Check the access rights to /etc/nagios.

I seem to remember them being incorrect for apache to have read access to this folder.

----------

## firesox

```
drwxrwxr-x  4 nagios nagios   376 Jun 19 14:38 .

drwxr-xr-x 16 root   root     392 Jun 12 12:45 ..

-rw-r--r--  1 root   root       0 Jun 12 12:45 .keep

drwxrwxr-x  2 nagios nagios   352 Jun 19 00:00 archives

-rw-rw-r--  1 nagios nagios   240 Jun 12 13:41 comments.dat

-rw-rw-r--  1 nagios nagios   241 Jun 12 13:41 downtime.dat

-rw-r--r--  1 nagios nagios     6 Jun 12 13:41 nagios.lock

-rw-rw-r--  1 nagios nagios 10275 Jun 19 14:04 nagios.log

-rw-r--r--  1 nagios nagios 65363 Jun 12 13:41 objects.cache

-rw-------  1 nagios nagios 98252 Jun 19 13:41 retention.dat

drwsrwsr-x  2 nagios apache   104 Jun 12 13:41 rw

-rw-rw-r--  1 nagios nagios 92974 Jun 19 14:38 status.dat

-rw-r--r--  1 nagios nagios     0 Jun 12 13:41 status.sav

./archives:

total 80

drwxrwxr-x 2 nagios nagios   352 Jun 19 00:00 .

drwxrwxr-x 4 nagios nagios   376 Jun 19 14:38 ..

-rw-r--r-- 1 root   root       0 Jun 12 12:45 .keep

-rw-r--r-- 1 nagios nagios  4845 Jun 12 23:41 nagios-06-13-2006-00.log

-rw-rw-r-- 1 nagios nagios 11581 Jun 13 23:41 nagios-06-14-2006-00.log

-rw-rw-r-- 1 nagios nagios 11502 Jun 14 23:41 nagios-06-15-2006-00.log

-rw-rw-r-- 1 nagios nagios 10668 Jun 15 23:41 nagios-06-16-2006-00.log

-rw-rw-r-- 1 nagios nagios 10671 Jun 16 23:41 nagios-06-17-2006-00.log

-rw-rw-r-- 1 nagios nagios  9941 Jun 17 23:41 nagios-06-18-2006-00.log

-rw-rw-r-- 1 nagios nagios  9942 Jun 18 23:41 nagios-06-19-2006-00.log

./rw:

total 0

drwsrwsr-x 2 nagios apache 104 Jun 12 13:41 .

drwxrwxr-x 4 nagios nagios 376 Jun 19 14:38 ..

-rw-r--r-- 1 nagios apache   0 Jun 12 12:45 .keep

prw-rw---- 1 nagios apache   0 Jun 12 13:41 nagios.cmd

```

Your /var/nagios should look the one above.

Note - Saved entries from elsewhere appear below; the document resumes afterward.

theorem theorem4p5:
  fixes p :: "complex \<Rightarrow> complex" and r0 \<alpha>1 \<alpha>2 :: real
  assumes r0_pos: "r0 > 0"
    and r0_root: "r0 ^ 2 + 2 * cot 1 * r0 - 1 = 0"
    and a1: "\<alpha>1 > 0" and a2: "\<alpha>2 > 0"
    and a12: "\<alpha>1 - \<alpha>2 \<ge> exp 1 * r0"
    and hol: "p holomorphic_on ball 0 1"
    and p0: "p 0 = 1"
    and sub: "subordinate
               (\<lambda>z. 1 + of_real \<alpha>1 * z * deriv p z + of_real \<alpha>2 * z ^ 2 * deriv (deriv p) z)
               (\<lambda>z. 2 / (1 + exp (- z)))"
  shows "subordinate p exp"
proof (rule subordinate_exp_if_norm_sub_one_lt[OF hol p0])
  have "exp 1 * r0 \<ge> 13/5 * (1/2)"
    using exp_one_ge cot_one_root_ge_half[OF r0_pos r0_root] by (intro mult_mono) auto
  then have \<alpha>1: "\<alpha>1 > 13/10" "\<alpha>2 \<le> \<alpha>1" using a12 a2 by linarith+
  have "deriv p holomorphic_on ball 0 1" by (rule holomorphic_deriv[OF hol]) auto
  then have "(\<lambda>z. 1 + of_real \<alpha>1 * z * deriv p z + of_real \<alpha>2 * z ^ 2 * deriv (deriv p) z)
               holomorphic_on ball 0 1"
    using hol by (auto intro!: holomorphic_intros holomorphic_deriv)
  from norm_sub_one_le_if_subordinate_logistic[OF this sub]
  have bound: "cmod (p z - p 0) \<le> 4/5 * cmod z / \<alpha>1" if "z \<in> ball 0 1" for z
    using that a2 \<alpha>1(2) by (intro norm_sub_le_if_second_order_bound[OF hol]) auto
  fix z :: complex assume z: "z \<in> ball 0 1"
  have "4/5 * cmod z / \<alpha>1 < 8/13" using z \<alpha>1 by (simp add: field_simps)
  also have "8/13 \<le> 1 - exp (-1::real)" using exp_one_ge by (simp add: exp_minus field_simps)
  finally show "cmod (p z - 1) < 1 - exp (-1)"
    using bound[OF z] p0 by simp
qed

end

Important is the pipe "nagios.cmd".

----------

## richard.scott

 *richard.scott wrote:*   

> Check the access rights to /etc/nagios.
> 
> I seem to remember them being incorrect for apache to have read access to this folder.

 

I've just been looking over my server config and remembered that I fixed this by adding Apache to the nagios group

```
# usermod -G nagios apache
```

That way the apache daemon can read files in /etc/nagios  :Smile: 

I did post a bug report for this, but can't get access to bugs.gentoo.org to find out what its status is.

----------

## b1u3p001

i've checked de permissions of /etc/nagios.

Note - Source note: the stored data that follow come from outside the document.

lemma involved_length_eq:
  assumes "is_perm q" "is_perm p" "involved q p" "length p \<le> length q"
  shows "q = p"
proof -
  obtain xs where "subseq xs p" "order_iso q xs" using assms(3) involved_iff_subseq by blast
  moreover from this have "xs = p"
    using assms(4) by (metis list_emb_length order_iso_def le_antisym subseq_same_length)
  ultimately show ?thesis using order_iso_perm_eq assms(1,2) by blast
qed

lemma subseq_map_nth:
  assumes "sorted_wrt (<) is" "set is \<subseteq> {..<length xs}"
  shows "subseq (map ((!) xs) is) xs"
proof -
  have "subseq is [0..<length xs]"
    by (rule sorted_subset_imp_subseq) (use assms in auto)
  then have "subseq (map ((!) xs) is) (map ((!) xs) [0..<length xs])" by (rule subseq_map)
  then show ?thesis by (simp add: map_nth)
qed

lemma involved_at_indices:
  assumes "sorted_wrt (<) is" "set is \<subseteq> {..<length p}" "order_iso q (map ((!) p) is)"
  shows "involved q p"
  using assms subseq_map_nth involved_iff_subseq by blast

section \<open>The patterns (t+1) t ... 1 (t+2)\<close>

definition decr_then_max :: "nat \<Rightarrow> nat list" where
  "decr_then_max t = rev [1..<t + 2] @ [t + 2]"

lemma length_decr_then_max [simp]: "length (decr_then_max t) = t + 2"
  by (simp add: decr_then_max_def)

lemma is_perm_decr_then_max: "is_perm (decr_then_max t)"
  by (auto simp: is_perm_def decr_then_max_def)

lemma nth_rev_upt_snoc:
  "i < t + 2 \<Longrightarrow> (rev [a..<a + t + 1] @ [v]) ! i = (if i \<le> t then a + t - i else v)"
  by (auto simp: nth_append rev_nth simp del: upt_Suc)

lemma order_iso_decr_then_max:
  assumes "a + t < v"
  shows "order_iso (decr_then_max t) (rev [a..<a + t + 1] @ [v])"
proof -
  have "decr_then_max t = rev [1..<1 + t + 1] @ [t + 2]"
    by (simp add: decr_then_max_def)
  then have dec: "i < t + 2 \<Longrightarrow> decr_then_max t ! i = (if i \<le> t then 1 + t - i else t + 2)" for i
    using nth_rev_upt_snoc by presburger
  show ?thesis unfolding order_iso_iff_nth length_decr_then_max
  proof (intro conjI allI impI)
    show "t + 2 = length (rev [a..<a + t + 1] @ [v])" by simp
    fix i j assume "i < t + 2" "j < t + 2"
    then show "decr_then_max t ! i < decr_then_max t ! j \<longleftrightarrow>
        (rev [a..<a + t + 1] @ [v]) ! i < (rev [a..<a + t + 1] @ [v]) ! j"
      using assms by (simp only: dec nth_rev_upt_snoc) auto
  qed
qed

lemma sorted_wrt_subseq: "subseq xs ys \<Longrightarrow> sorted_wrt R ys \<Longrightarrow> sorted_wrt R xs"
  by (induction rule: list_emb.induct) (auto elim: list_emb_set)

lemma subseq_decr_then_max_nth_less:
  assumes "subseq xs (decr_then_max t)" "i < j" "Suc j < length xs"
  shows "xs ! j < xs ! i"
proof -
  obtain ys zs where xs: "xs = ys @ zs" and ys: "subseq ys (rev [1..<t + 2])" and zs: "subseq zs [t + 2]"
    using assms(1) unfolding decr_then_max_def by (rule subseq_appendE)
  have "length zs \<le> 1" using list_emb_length[OF zs] by simp
  then have "j < length ys" using assms(3) xs by simp
  moreover have "sorted_wrt (>) ys"
    by (rule sorted_wrt_subseq[OF ys]) (simp add: sorted_wrt_rev del: upt_Suc)
  ultimately show ?thesis using assms(2) xs by (simp add: sorted_wrt_iff_nth_less nth_append)
qed

lemma involved_decr_then_max_nth_less:
  assumes "involved q (decr_then_max t)" "i < j" "Suc j < length q"
  shows "q ! j < q ! i"
proof -
  obtain xs where "subseq xs (decr_then_max t)" "order_iso q xs"
    using assms(1) involved_iff_subseq by blast
  then show ?thesis
    using subseq_decr_then_max_nth_less[of xs t i j] assms(2,3) by (auto simp: order_iso_iff_nth)
qed

section \<open>Greedy sorting of permutations avoiding the basis\<close>

lemma nth_drop_take: "j + i < k \<Longrightarrow> j + i < length xs \<Longrightarrow> drop j (take k xs) ! i = xs ! (j + i)"
  by simp

lemma in_set_drop_take_iff:
  "x \<in> set (drop j (take k xs)) \<longleftrightarrow> (\<exists>i. j \<le> i \<and> i < k \<and> i < length xs \<and> xs ! i = x)"
proof
  assume "x \<in> set (drop j (take k xs))"
  then obtain i where "i < length (drop j (take k xs))" "drop j (take k xs) ! i = x"
    by (auto simp: in_set_conv_nth)
  then have "j + i < k" "j + i < length xs" "xs ! (j + i) = x"
    by (auto simp: nth_drop_take)
  then show "\<exists>i. j \<le> i \<and> i < k \<and> i < length xs \<and> xs ! i = x"
    using le_add1 by blast
next
  assume "\<exists>i. j \<le> i \<and> i < k \<and> i < length xs \<and> xs ! i = x"
  then obtain i where "j \<le> i" "i < k" "i < length xs" "xs ! i = x" by blast
  then have "i - j < length (drop j (take k xs))" "drop j (take k xs) ! (i - j) = x"
    by (auto simp: nth_drop_take)
  then show "x \<in> set (drop j (take k xs))" by (metis nth_mem)
qed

apache can access it. (drwxr-x--- nagios apache /etc/nagios)

i also added the apache-user to the group nagios.

i created the pipe "prw-rw---- nagios apache /var/nagios/rw/nagios.cmd"

sorry. nothing happend.

no logfiles, same error in the browser.

any other ideas?

ps: it is nagios 2.4

----------

## richard.scott

Have you added -D NAGIOS to /etc/conf.d/apache2?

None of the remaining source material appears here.